In this dissertation we concern ourselves with the analysis, model reduction, and control of fluid flows that exhibit time-periodic behavior, or that can be modelled as time periodic. These flows are ubiquitous in nature and in engineering. In nature, one of the most remarkable examples of periodic flows may be found in the Von-Karman vortices that form in the wake of an island. A perhaps less spectacular, yet arguably more important example of a flow that can be modelled as periodic, is blood flow, where the periodicity is induced by the beating heart. In engineering applications, examples include flows in turbomachinery and rotorcraft as well as wake flows. Although all these examples belong to widely different classes of application, their time-periodic nature is such that they can all be studied using a very specific class of mathematical tools. These tools will be the focus of this dissertation, where we discuss existing techniques and we introduce novel mathematical and computational methods for the analysis and control of time-periodic fluid flows.
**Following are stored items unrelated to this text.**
(* Let $v_1,\dots,v_{d+1}$ be the vertices of a $d$-simplex in $\mathbb R^d$ in general position. Then $$\sum_{\sigma\in\mathfrak S_d}\operatorname{sign}(\sigma)\,g_d(z(\sigma,1),z(\sigma,2),\dots,z(\sigma,d))=\frac{1}{d!}\det X(\mathbf 1,d),$$ where $\mathbf 1$ is the identity permutation.
   Context: Write $v_i=(x_{i,1},\dots,x_{i,d})$. $\pi^{(j)}$ forgets the last $j$ coordinates; the simplex is in general position if for every $0\le k\le d-1$ and every $(k+1)$-subset $U$ of its vertices, $\pi^{(d-k)}(\mathrm{conv}(U))$ is a $k$-simplex. For $\sigma\in\mathfrak S_d$, $1\le k\le d$: $X(\sigma,k)$ is the $(k+1)\times(k+1)$ matrix with rows $(1,x_{\sigma(r),1},\dots,x_{\sigma(r),k})$, $r=1,\dots,k$, and last row $(1,x_{d+1,1},\dots,x_{d+1,k})$; $Y(\sigma,k)$ is the $k\times k$ matrix with rows $(1,x_{\sigma(r),1},\dots,x_{\sigma(r),k-1})$, $r=1,\dots,k$; $z(\sigma,k)=\det X(\sigma,k)/\det Y(\sigma,k)$ (nonzero by general position). Let $B_k(x)$ be the Bernoulli polynomials and $P_k(x)=(B_{k+1}(x+1)-B_{k+1})/(k+1)$. Extended sum: for $h(s)=\sum_{k\ge0}h_ks^k$ with coefficients in a polynomial ring over $\mathbb R$ and upper limit $u$, $\sum_{s=1}^uh:=h_0u+\sum_{k\ge1}h_kP_k(u)$. $f_d(a_1,\dots,a_d)=\sum_{s_1=1}^{a_1}\sum_{s_2=1}^{a_2s_1}\cdots\sum_{s_d=1}^{a_ds_{d-1}}1$ (extended sums, innermost first; a polynomial in the $a_i$), and $g_d(b_1,\dots,b_d)=f_d(b_1,b_2/b_1,\dots,b_d/b_{d-1})$ for nonzero reals $b_i$. *)

theory Defs
  imports "Jordan_Normal_Form.Determinant" "HOL-Computational_Algebra.Polynomial"
    "HOL-Combinatorics.Permutations"
begin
This dissertation is divided in two parts. In the first part we provide an overview of existing frequency-domain methods for the analysis, model reduction and control of fluid flows. We begin with popular techniques based on the linearization of the governing equations about steady equilibria, and then we present novel approaches based on the linearization about time-periodic solutions of the governing equations. The second part includes published and submitted manuscripts that contain a more thorough description of the methods and results presented in the first part. The methods discussed herein are demonstrated on two-dimensional incompressible laminar flows that exhibit periodic dynamics as well as on a three-dimensional separated turbulent boundary layer over a flat plate.